Rachel Cusk's Second Place published by Faber and Faber
Rachel Cusk's Second Place published by Faber and Faber

Second place is a woman’s world. A world that she has conceived, like many of us, through the ways of perception. Not many of us are individuals, though, no matter how much we press ourselves. Perceptions steps in and holler at our each and every intention.


Why or when do we start giving into these ideas about what and how should we as women be is something that may be delayed for some, but it surely shows with much force in the Second Place.


As smoothly as the protagonist tries to chart out a world for herself by living in a secluded place, it seems like she has settled instead of going for what she wanted; much like Madame Bovary at times and much like part of her actual personality. One can never say though. And that is where the problematic of the book lies too. Do we even have a personality if it shatters so easily as one deviating perspective comes in our life? As humans, Cusk deftly says, our lives take meaning from the commentary that is done on it, but then why does she try to erase all that with a force as strong as that of an all-diminishing flood to create an individuality?
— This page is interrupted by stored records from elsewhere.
lemma random_evolution_tendsto_within_sojourn:
  assumes "s \<in> J" "u \<in> J" "Ts s m \<le> u"
    and R: "R \<subseteq> {v\<in>J. Ts s m \<le> v \<and> v < Ts s (Suc m)}"
  shows "((\<lambda>v. V s v f) \<longlongrightarrow> evolution_after_jumps s m u f) (at u within R)"
proof -
  have s0: "0 \<le> s"
    using assms J_nonneg by auto
  have "Ts s m \<in> J"
    using J_between[OF assms(1,2)] jump_time_from_ge[OF s0] assms(3) by blast
  then have "continuous_on {v\<in>J. Ts s m \<le> v} (\<lambda>v. evolution_after_jumps s m v f)"
    unfolding evolution_after_jumps_def blinfun_apply_blinfun_compose
    by (intro bounded_linear.continuous_on[OF blinfun.bounded_linear_right] continuous_orbits)
  then have "((\<lambda>v. evolution_after_jumps s m v f) \<longlongrightarrow> evolution_after_jumps s m u f)
      (at u within R)"
    using assms(2,3) R by (auto simp: continuous_on_def intro: tendsto_within_subset)
  moreover have "\<forall>\<^sub>F v in at u within R. evolution_after_jumps s m v f = V s v f"
    unfolding eventually_at_filter
    by (rule always_eventually) (use random_evolution_between_jumps[OF s0] R in auto)
  ultimately show ?thesis
    using tendsto_cong by fast
qed

lemma random_evolution_continuous_from_right:
  assumes "s \<in> J" "u \<in> J" "s \<le> u"
  shows "((\<lambda>v. V s v f) \<longlongrightarrow> V s u f) (at u within {v\<in>J. s \<le> v} \<inter> {u..})"
proof -
  have s0: "0 \<le> s"
    using assms J_nonneg by auto
  define m where "m = N u - N s"
  have bracket: "Ts s m \<le> u" "u < Ts s (Suc m)"
    using jump_time_from_count_bracket[OF s0 assms(3)] by (simp_all add: m_def)
  have "at u within {v\<in>J. s \<le> v} \<inter> {u..} = at u within {v\<in>J. u \<le> v \<and> v < Ts s (Suc m)}"
    using assms(3) bracket by (intro at_within_nhd[of _ "{..<Ts s (Suc m)}"]) auto
  moreover have "((\<lambda>v. V s v f) \<longlongrightarrow> evolution_after_jumps s m u f)
      (at u within {v\<in>J. u \<le> v \<and> v < Ts s (Suc m)})"
    using bracket(1) by (intro random_evolution_tendsto_within_sojourn[OF assms(1,2) bracket(1)]) auto
  ultimately show ?thesis
    using random_evolution_between_jumps[OF s0 bracket] by simp
qed

lemma random_evolution_tendsto_from_left:
  assumes "s \<in> J" "u \<in> J" "Ts s m < u" "u \<le> Ts s (Suc m)"
  shows "((\<lambda>v. V s v f) \<longlongrightarrow> evolution_after_jumps s m u f) (at u within {v\<in>J. s \<le> v \<and> v < u})"
proof -
  have "s \<le> Ts s m"
    using assms J_nonneg jump_time_from_ge by auto
  then have "at u within {v\<in>J. s \<le> v \<and> v < u} = at u within {v\<in>J. Ts s m \<le> v \<and> v < u}"
    using assms(3) by (intro at_within_nhd[of _ "{Ts s m<..}"]) auto
  moreover have "((\<lambda>v. V s v f) \<longlongrightarrow> evolution_after_jumps s m u f)
      (at u within {v\<in>J. Ts s m \<le> v \<and> v < u})"
    using assms(3,4) by (intro random_evolution_tendsto_within_sojourn[OF assms(1,2)]) auto
  ultimately show ?thesis
    by simp
qed

lemma rcll_on_random_evolution:
  assumes "s \<in> J"
  shows "rcll_on {u\<in>J. s \<le> u} (\<lambda>u. V s u f)"
  unfolding rcll_on_def
proof (intro ballI conjI)
  fix u assume "u \<in> {u\<in>J. s \<le> u}"
  then have u: "u \<in> J" "s \<le> u"
    by auto
  then show "((\<lambda>u. V s u f) \<longlongrightarrow> V s u f) (at u within {u\<in>J. s \<le> u} \<inter> {u..})"
    using random_evolution_continuous_from_right[OF assms] by blast
  have s0: "0 \<le> s"
    using assms J_nonneg by auto
  have set_eq: "{u\<in>J. s \<le> u} \<inter> {..<u} = {v\<in>J. s \<le> v \<and> v < u}"
    by auto
  define m where "m = N u - N s"
  have bracket: "Ts s m \<le> u" "u < Ts s (Suc m)"
    using jump_time_from_count_bracket[OF s0 u(2)] by (simp_all add: m_def)
  consider "Ts s m < u" | "m = 0" "Ts s m = u" | m' where "m = Suc m'" "Ts s m = u"
    using bracket(1) by (cases m) force+
  then show "\<exists>l. ((\<lambda>u. V s u f) \<longlongrightarrow> l) (at u within {u\<in>J. s \<le> u} \<inter> {..<u})"
  proof cases
    case 1
    then show ?thesis
      using random_evolution_tendsto_from_left[OF assms u(1) _ less_imp_le[OF bracket(2)]]
      unfolding set_eq by blast
  next
    case 2
    then have "{v\<in>J. s \<le> v \<and> v < u} = {}"
      by auto
    then show ?thesis
      unfolding set_eq by (metis at_within_empty tendsto_bot)
  next
    case 3
    then have "Ts s m' < u" "u \<le> Ts s (Suc m')"
      using jump_time_from_less_iff[OF s0, of m' m] by auto
    then show ?thesis
      using random_evolution_tendsto_from_left[OF assms u(1)] unfolding set_eq by blast
  qed
qed


lemma random_evolution_continuous_from_left:
  assumes "s \<in> J" "u \<in> J" "s < u" "u \<notin> range (Ts s)"
  shows "((\<lambda>v. V s v f) \<longlongrightarrow> V s u f) (at u within {v\<in>J. s \<le> v \<and> v < u})"
proof -
  have s0: "0 \<le> s"
    using assms J_nonneg by auto
  define m where "m = N u - N s"
  have bracket: "Ts s m \<le> u" "u < Ts s (Suc m)"
    using jump_time_from_count_bracket[OF s0] assms(3) by (simp_all add: m_def)
  moreover have "Ts s m \<noteq> u"
    using assms(4) by blast
  ultimately show ?thesis
    using random_evolution_tendsto_from_left[OF assms(1,2)] random_evolution_between_jumps[OF s0]
    by simp
qed

lemma random_evolution_left_limit_at_jump:
  assumes "s \<in> J" "Ts s (Suc n) \<in> J"
  shows "((\<lambda>v. V s v (D (state_from xs \<tau> s n) (state_from xs \<tau> s (Suc n)) f))
            \<longlongrightarrow> V s (Ts s (Suc n)) f)
           (at (Ts s (Suc n)) within {v\<in>J. s \<le> v \<and> v < Ts s (Suc n)})"
proof -
  let ?u = "Ts s (Suc n)"
  have s0: "0 \<le> s"
    using assms J_nonneg by auto
  have "V s ?u = evolution_after_jumps s (Suc n) ?u"
    using random_evolution_between_jumps[OF s0] jump_time_from_less_iff[OF s0] by simp
  also have "\<dots> = evolution_after_jumps s n ?u o\<^sub>L D (xs (N s + n)) (xs (N s + Suc n))"
    using semigroup_id[OF assms(2)]
    by (simp add: evolution_after_jumps_def jump_factor_def blinfun_compose_assoc)
  finally show ?thesis
    using random_evolution_tendsto_from_left[OF assms] jump_time_from_less_iff[OF s0]
    by (simp add: state_from_eq[OF s0])
qed

end

end

theorem proposition3p3:
  fixes J :: "real set"
    and emb :: "'y1::{banach,second_countable_topology} \<Rightarrow>\<^sub>L 'y::{banach,second_countable_topology}"
    and G :: "'x::finite \<Rightarrow> real \<Rightarrow> real \<Rightarrow> ('y \<Rightarrow>\<^sub>L 'y)"
    and D :: "'x \<Rightarrow> 'x \<Rightarrow> ('y \<Rightarrow>\<^sub>L 'y)"
    and xs :: "nat \<Rightarrow> 'x"
    and \<tau> :: "nat \<Rightarrow> real"
    and s :: real
  assumes J: "J = {0..} \<or> (\<exists>Tinf>0. J = {0..Tinf})"
    and emb_inj: "inj (blinfun_apply emb)"
    and G_sg: "\<forall>x. inhom_semigroup J (G x)"
    and G_meas: "(\<lambda>(r, t, x, f). G x (min r t) (max r t) f) \<in> borel_measurable
                   (restrict_space borel J \<Otimes>\<^sub>M restrict_space borel J \<Otimes>\<^sub>M count_space UNIV \<Otimes>\<^sub>M borel)"
    and D_contr: "\<forall>x y. norm (D x y) \<le> 1"
    and D_meas: "(\<lambda>(x, y, f). D x y f) \<in> borel_measurable
                   (count_space UNIV \<Otimes>\<^sub>M count_space UNIV \<Otimes>\<^sub>M borel)"
    and tau_pos: "\<forall>k\<ge>1. \<tau> k > 0"
    and N_finite: "\<forall>q\<in>\<rat>. finite {n. jump_time \<tau> n \<le> q}"
    and s: "s \<in> J"
  shows "inhom_semigroup J (random_evolution G D xs \<tau>) \<and>
         ((\<forall>x. regular_semigroup J emb (G x)) \<longrightarrow>
            (\<forall>f. rcll_on {u\<in>J. s \<le> u} (\<lambda>u. random_evolution G D xs \<tau> s u f)) \<and>
            (\<forall>f. \<forall>u\<in>J. s < u \<and> u \<notin> range (jump_time_from \<tau> s) \<longrightarrow>
               ((\<lambda>v. random_evolution G D xs \<tau> s v f) \<longlongrightarrow> random_evolution G D xs \<tau> s u f)
                 (at u within {v\<in>J. s \<le> v \<and> v < u})) \<and>
            (\<forall>f n. jump_time_from \<tau> s (Suc n) \<in> J \<longrightarrow>
               ((\<lambda>v. random_evolution G D xs \<tau> s v
                        (D (state_from xs \<tau> s n) (state_from xs \<tau> s (Suc n)) f))
                  \<longlongrightarrow> random_evolution G D xs \<tau> s (jump_time_from \<tau> s (Suc n)) f)
                 (at (jump_time_from \<tau> s (Suc n)) within {v\<in>J. s \<le> v \<and> v < jump_time_from \<tau> s (Suc n)})))"
proof -
  interpret random_evolution_path \<tau> J G D xs
    using J tau_pos N_finite G_sg by unfold_locales (auto simp: is_interval_1)
  have "(\<forall>f. rcll_on {u\<in>J. s \<le> u} (\<lambda>u. V s u f)) \<and>
        (\<forall>f. \<forall>u\<in>J. s < u \<and> u \<notin> range (Ts s) \<longrightarrow>
           ((\<lambda>v. V s v f) \<longlongrightarrow> V s u f) (at u within {v\<in>J. s \<le> v \<and> v < u})) \<and>
        (\<forall>f n. Ts s (Suc n) \<in> J \<longrightarrow>
           ((\<lambda>v. V s v (D (state_from xs \<tau> s n) (state_from xs \<tau> s (Suc n)) f))
              \<longlongrightarrow> V s (Ts s (Suc n)) f) (at (Ts s (Suc n)) within {v\<in>J. s \<le> v \<and> v < Ts s (Suc n)}))"
    if "\<forall>x. regular_semigroup J emb (G x)"
  proof -
    have "\<And>x a f. a \<in> J \<Longrightarrow> continuous_on {u\<in>J. a \<le> u} (\<lambda>u. G x a u f)"
      using that unfolding regular_semigroup_def by blast
    then show ?thesis
      using rcll_on_random_evolution random_evolution_continuous_from_left
        random_evolution_left_limit_at_jump s
      by blast
  qed
  then show ?thesis
    using inhom_semigroup_random_evolution by blast
qed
To be sure there is an individual, but that individual seems to gain traction of their being front things they desperately want to be aligned with their personality even though they may or may not. M, the protagonist, invites over an ultra-famous though now old artist only to have all the breaks in her personality resurface. She tries to be close to him, leaving her all-natural and close to the real natural world husband. But what does she find? Him tearing mercilessly at her personality. She seems to have fallen in love with the person who instead of appreciating her rite de passage comes clean with all the weaknesses in her being. Whom does then this “so-called” exchange of commentary reflect? M or L.


It is left inconclusive by most standards, but if you want to challenge yourself and all that you have built yourself to be, then the Second Place is where you might start.


Eliot’s poem comes to mind;


“Do I dare disturb the universe?”


Dare and see if you move forward with that reality, truth and the inability of that truth to make things better for you.